PROBLEM
Reproduce the listing verbatim.

PROVIDED INFORMATION
────

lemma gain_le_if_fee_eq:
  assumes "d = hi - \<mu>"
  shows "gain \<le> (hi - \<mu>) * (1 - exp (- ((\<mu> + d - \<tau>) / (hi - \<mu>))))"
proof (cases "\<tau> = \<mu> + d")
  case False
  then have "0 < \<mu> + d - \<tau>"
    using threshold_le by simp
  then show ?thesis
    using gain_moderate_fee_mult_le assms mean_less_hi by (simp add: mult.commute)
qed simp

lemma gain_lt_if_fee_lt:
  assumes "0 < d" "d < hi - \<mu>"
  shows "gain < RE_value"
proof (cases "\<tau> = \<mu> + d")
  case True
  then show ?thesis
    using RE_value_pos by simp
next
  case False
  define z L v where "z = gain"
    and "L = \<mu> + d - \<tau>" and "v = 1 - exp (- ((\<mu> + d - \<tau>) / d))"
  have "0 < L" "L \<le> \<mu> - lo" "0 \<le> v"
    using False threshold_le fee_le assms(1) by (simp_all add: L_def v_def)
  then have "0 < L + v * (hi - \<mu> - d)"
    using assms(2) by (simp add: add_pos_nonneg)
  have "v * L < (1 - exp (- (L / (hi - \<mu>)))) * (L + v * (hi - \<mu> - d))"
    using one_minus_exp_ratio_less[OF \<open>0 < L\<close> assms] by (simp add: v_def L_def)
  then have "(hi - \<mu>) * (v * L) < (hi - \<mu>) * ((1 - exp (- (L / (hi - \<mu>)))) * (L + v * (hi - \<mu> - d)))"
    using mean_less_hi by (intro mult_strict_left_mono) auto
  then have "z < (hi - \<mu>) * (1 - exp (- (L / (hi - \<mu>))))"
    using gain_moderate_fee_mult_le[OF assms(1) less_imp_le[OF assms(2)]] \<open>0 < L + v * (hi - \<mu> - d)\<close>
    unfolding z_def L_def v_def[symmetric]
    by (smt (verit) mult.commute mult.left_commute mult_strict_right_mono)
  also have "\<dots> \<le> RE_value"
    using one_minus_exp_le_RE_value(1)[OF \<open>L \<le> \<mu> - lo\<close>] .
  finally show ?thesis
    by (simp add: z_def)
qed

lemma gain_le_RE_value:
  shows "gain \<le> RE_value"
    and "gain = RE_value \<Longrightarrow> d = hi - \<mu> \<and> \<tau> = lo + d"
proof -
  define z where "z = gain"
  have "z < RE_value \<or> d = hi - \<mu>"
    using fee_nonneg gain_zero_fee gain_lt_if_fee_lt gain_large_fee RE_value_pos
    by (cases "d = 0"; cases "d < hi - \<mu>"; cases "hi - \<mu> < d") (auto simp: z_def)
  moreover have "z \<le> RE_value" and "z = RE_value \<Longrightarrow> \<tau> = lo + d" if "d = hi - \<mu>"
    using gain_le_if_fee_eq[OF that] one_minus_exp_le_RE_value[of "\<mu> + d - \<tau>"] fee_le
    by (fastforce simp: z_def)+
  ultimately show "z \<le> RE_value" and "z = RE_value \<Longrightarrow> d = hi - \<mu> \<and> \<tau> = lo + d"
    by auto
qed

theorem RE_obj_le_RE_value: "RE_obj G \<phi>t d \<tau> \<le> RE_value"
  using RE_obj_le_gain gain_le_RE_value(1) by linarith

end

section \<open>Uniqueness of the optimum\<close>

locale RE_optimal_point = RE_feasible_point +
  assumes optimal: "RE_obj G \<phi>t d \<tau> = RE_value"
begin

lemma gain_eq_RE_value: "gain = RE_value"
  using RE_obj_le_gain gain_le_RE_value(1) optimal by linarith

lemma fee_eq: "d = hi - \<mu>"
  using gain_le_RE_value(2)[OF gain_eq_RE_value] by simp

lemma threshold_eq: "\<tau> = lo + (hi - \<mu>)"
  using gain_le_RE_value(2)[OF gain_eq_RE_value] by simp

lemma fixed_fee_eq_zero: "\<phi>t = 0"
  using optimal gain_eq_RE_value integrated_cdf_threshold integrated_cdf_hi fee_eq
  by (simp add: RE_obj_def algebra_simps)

────

YOUR RESPONSE
lemma gain_le_if_fee_eq:
  assumes "d = hi - \<mu>"
  shows "gain \<le> (hi - \<mu>) * (1 - exp (- ((\<mu> + d - \<tau>) / (hi - \<mu>))))"
proof (cases "\<tau> = \<mu> + d")
  case False
  then have "0 < \<mu> + d - \<tau>"
    using threshold_le by simp
  then show ?thesis
    using gain_moderate_fee_mult_le assms mean_less_hi by (simp add: mult.commute)
qed simp

lemma gain_lt_if_fee_lt:
  assumes "0 < d" "d < hi - \<mu>"
  shows "gain < RE_value"
proof (cases "\<tau> = \<mu> + d")
  case True
  then show ?thesis
    using RE_value_pos by simp
next
  case False
  define z L v where "z = gain"
    and "L = \<mu> + d - \<tau>" and "v = 1 - exp (- ((\<mu> + d - \<tau>) / d))"
  have "0 < L" "L \<le> \<mu> - lo" "0 \<le> v"
    using False threshold_le fee_le assms(1) by (simp_all add: L_def v_def)
  then have "0 < L + v * (hi - \<mu> - d)"
    using assms(2) by (simp add: add_pos_nonneg)
  have "v * L < (1 - exp (- (L / (hi - \<mu>)))) * (L + v * (hi - \<mu> - d))"
    using one_minus_exp_ratio_less[OF \<open>0 < L\<close> assms] by (simp add: v_def L_def)
  then have "(hi - \<mu>) * (v * L) < (hi - \<mu>) * ((1 - exp (- (L / (hi - \<mu>)))) * (L + v * (hi - \<mu> - d)))"
    using mean_less_hi by (intro mult_strict_left_mono) auto
  then have "z < (hi - \<mu>) * (1 - exp (- (L / (hi - \<mu>))))"
    using gain_moderate_fee_mult_le[OF assms(1) less_imp_le[OF assms(2)]] \<open>0 < L + v * (hi - \<mu> - d)\<close>
    unfolding z_def L_def v_def[symmetric]
    by (smt (verit) mult.commute mult.left_commute mult_strict_right_mono)
  also have "\<dots> \<le> RE_value"
    using one_minus_exp_le_RE_value(1)[OF \<open>L \<le> \<mu> - lo\<close>] .
  finally show ?thesis
    by (simp add: z_def)
qed

lemma gain_le_RE_value:
  shows "gain \<le> RE_value"
    and "gain = RE_value \<Longrightarrow> d = hi - \<mu> \<and> \<tau> = lo + d"
proof -
  define z where "z = gain"
  have "z < RE_value \<or> d = hi - \<mu>"
    using fee_nonneg gain_zero_fee gain_lt_if_fee_lt gain_large_fee RE_value_pos
    by (cases "d = 0"; cases "d < hi - \<mu>"; cases "hi - \<mu> < d") (auto simp: z_def)
  moreover have "z \<le> RE_value" and "z = RE_value \<Longrightarrow> \<tau> = lo + d" if "d = hi - \<mu>"
    using gain_le_if_fee_eq[OF that] one_minus_exp_le_RE_value[of "\<mu> + d - \<tau>"] fee_le
    by (fastforce simp: z_def)+
  ultimately show "z \<le> RE_value" and "z = RE_value \<Longrightarrow> d = hi - \<mu> \<and> \<tau> = lo + d"
    by auto
qed

theorem RE_obj_le_RE_value: "RE_obj G \<phi>t d \<tau> \<le> RE_value"
  using RE_obj_le_gain gain_le_RE_value(1) by linarith

end

section \<open>Uniqueness of the optimum\<close>

locale RE_optimal_point = RE_feasible_point +
  assumes optimal: "RE_obj G \<phi>t d \<tau> = RE_value"
begin

lemma gain_eq_RE_value: "gain = RE_value"
  using RE_obj_le_gain gain_le_RE_value(1) optimal by linarith

lemma fee_eq: "d = hi - \<mu>"
  using gain_le_RE_value(2)[OF gain_eq_RE_value] by simp

lemma threshold_eq: "\<tau> = lo + (hi - \<mu>)"
  using gain_le_RE_value(2)[OF gain_eq_RE_value] by simp

lemma fixed_fee_eq_zero: "\<phi>t = 0"
  using optimal gain_eq_RE_value integrated_cdf_threshold integrated_cdf_hi fee_eq
  by (simp add: RE_obj_def algebra_simps)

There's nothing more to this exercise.